*What needs to be done*: Transcribe only the lines of the listing below from the one holding "(simp add: max.coboundedI2)" through the one holding "finally show ?thesis", inclusive, without any change.

*Entries supplied*:
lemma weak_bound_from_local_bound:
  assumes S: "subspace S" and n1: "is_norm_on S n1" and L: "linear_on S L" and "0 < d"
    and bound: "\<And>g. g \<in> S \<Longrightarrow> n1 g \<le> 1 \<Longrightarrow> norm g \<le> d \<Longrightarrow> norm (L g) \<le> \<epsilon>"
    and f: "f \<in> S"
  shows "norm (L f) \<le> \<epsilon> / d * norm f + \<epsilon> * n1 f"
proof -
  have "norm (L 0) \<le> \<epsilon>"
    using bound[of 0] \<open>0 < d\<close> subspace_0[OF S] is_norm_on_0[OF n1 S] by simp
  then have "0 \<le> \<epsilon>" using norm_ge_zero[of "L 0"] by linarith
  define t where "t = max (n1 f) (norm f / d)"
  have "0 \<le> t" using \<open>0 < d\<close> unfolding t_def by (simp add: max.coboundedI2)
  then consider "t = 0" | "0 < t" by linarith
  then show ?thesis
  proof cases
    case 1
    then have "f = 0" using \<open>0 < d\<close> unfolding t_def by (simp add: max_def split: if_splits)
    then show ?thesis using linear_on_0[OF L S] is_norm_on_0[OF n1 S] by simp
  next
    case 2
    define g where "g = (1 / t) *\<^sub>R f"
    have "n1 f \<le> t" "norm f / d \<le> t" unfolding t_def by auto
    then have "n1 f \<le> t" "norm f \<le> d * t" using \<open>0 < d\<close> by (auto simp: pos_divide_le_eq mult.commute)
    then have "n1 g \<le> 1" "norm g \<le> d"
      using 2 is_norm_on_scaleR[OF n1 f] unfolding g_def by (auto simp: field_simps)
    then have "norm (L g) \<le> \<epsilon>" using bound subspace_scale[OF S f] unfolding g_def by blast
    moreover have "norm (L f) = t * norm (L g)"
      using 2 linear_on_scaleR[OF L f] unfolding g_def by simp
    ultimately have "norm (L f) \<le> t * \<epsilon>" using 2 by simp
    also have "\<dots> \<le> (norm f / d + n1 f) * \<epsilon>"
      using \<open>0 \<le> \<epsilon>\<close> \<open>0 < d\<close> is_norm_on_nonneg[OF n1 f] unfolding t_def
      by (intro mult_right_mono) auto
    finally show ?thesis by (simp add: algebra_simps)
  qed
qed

==

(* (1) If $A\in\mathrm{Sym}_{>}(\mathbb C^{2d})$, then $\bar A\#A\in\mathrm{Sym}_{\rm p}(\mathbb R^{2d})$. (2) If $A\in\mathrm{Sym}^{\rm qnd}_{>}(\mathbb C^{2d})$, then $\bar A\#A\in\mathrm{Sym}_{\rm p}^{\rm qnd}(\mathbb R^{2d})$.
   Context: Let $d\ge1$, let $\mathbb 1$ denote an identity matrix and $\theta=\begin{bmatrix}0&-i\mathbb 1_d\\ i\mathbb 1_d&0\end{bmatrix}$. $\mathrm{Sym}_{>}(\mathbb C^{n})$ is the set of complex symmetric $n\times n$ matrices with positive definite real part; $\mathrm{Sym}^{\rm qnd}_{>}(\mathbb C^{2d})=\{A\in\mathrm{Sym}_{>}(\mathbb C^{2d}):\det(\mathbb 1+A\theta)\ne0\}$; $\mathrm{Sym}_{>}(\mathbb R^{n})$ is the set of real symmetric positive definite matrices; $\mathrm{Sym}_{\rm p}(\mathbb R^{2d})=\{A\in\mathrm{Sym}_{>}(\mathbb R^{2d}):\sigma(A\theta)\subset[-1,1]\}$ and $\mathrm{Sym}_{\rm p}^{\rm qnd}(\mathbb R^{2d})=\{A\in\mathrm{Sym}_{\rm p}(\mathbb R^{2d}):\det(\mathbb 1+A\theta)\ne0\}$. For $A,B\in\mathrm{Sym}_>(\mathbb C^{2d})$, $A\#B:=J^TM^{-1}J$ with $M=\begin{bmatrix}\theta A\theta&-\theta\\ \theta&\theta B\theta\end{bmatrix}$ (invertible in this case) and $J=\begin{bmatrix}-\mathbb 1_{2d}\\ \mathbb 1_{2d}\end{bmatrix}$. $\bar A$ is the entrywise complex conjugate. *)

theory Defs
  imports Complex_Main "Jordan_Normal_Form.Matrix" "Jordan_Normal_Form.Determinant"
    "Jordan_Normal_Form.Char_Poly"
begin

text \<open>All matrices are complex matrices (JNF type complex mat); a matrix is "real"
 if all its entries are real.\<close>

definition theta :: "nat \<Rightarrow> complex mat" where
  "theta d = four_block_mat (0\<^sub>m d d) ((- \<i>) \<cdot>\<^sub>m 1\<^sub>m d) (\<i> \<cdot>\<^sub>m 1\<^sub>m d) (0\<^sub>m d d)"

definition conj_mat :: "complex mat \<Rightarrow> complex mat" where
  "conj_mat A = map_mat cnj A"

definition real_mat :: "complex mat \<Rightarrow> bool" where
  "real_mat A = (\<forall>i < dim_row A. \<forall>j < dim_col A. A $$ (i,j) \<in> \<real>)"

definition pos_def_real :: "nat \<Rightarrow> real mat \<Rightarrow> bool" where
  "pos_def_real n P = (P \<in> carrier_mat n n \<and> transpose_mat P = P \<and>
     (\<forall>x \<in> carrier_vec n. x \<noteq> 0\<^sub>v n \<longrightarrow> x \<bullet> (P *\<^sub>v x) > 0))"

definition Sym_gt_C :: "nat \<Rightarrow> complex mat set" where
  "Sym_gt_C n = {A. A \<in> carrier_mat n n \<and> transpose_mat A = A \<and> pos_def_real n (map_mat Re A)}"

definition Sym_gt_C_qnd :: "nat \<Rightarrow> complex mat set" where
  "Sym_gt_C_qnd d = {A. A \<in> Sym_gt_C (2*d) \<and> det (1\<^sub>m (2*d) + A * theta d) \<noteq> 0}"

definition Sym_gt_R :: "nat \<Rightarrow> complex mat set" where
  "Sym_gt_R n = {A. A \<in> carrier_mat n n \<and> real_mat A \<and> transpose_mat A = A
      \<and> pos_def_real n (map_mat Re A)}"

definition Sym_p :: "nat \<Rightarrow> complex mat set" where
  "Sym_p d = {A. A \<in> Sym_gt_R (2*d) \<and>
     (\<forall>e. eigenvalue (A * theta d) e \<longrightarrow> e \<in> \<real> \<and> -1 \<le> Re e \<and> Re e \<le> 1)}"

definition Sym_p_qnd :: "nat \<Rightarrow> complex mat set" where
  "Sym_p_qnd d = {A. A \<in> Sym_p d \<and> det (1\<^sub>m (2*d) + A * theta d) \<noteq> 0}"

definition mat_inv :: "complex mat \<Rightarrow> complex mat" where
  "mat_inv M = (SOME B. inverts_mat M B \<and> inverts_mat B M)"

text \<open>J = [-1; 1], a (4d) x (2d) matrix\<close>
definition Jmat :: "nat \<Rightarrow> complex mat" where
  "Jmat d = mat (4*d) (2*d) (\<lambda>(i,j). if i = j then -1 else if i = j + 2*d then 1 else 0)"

*The answer*:
  have "0 \<le> t" using \<open>0 < d\<close> unfolding t_def by (simp add: max.coboundedI2)
  then consider "t = 0" | "0 < t" by linarith
  then show ?thesis
  proof cases
    case 1
    then have "f = 0" using \<open>0 < d\<close> unfolding t_def by (simp add: max_def split: if_splits)
    then show ?thesis using linear_on_0[OF L S] is_norm_on_0[OF n1 S] by simp
  next
    case 2
    define g where "g = (1 / t) *\<^sub>R f"
    have "n1 f \<le> t" "norm f / d \<le> t" unfolding t_def by auto
    then have "n1 f \<le> t" "norm f \<le> d * t" using \<open>0 < d\<close> by (auto simp: pos_divide_le_eq mult.commute)
    then have "n1 g \<le> 1" "norm g \<le> d"
      using 2 is_norm_on_scaleR[OF n1 f] unfolding g_def by (auto simp: field_simps)
    then have "norm (L g) \<le> \<epsilon>" using bound subspace_scale[OF S f] unfolding g_def by blast
    moreover have "norm (L f) = t * norm (L g)"
      using 2 linear_on_scaleR[OF L f] unfolding g_def by simp
    ultimately have "norm (L f) \<le> t * \<epsilon>" using 2 by simp
    also have "\<dots> \<le> (norm f / d + n1 f) * \<epsilon>"
      using \<open>0 \<le> \<epsilon>\<close> \<open>0 < d\<close> is_norm_on_nonneg[OF n1 f] unfolding t_def
      by (intro mult_right_mono) auto
    finally show ?thesis by (simp add: algebra_simps)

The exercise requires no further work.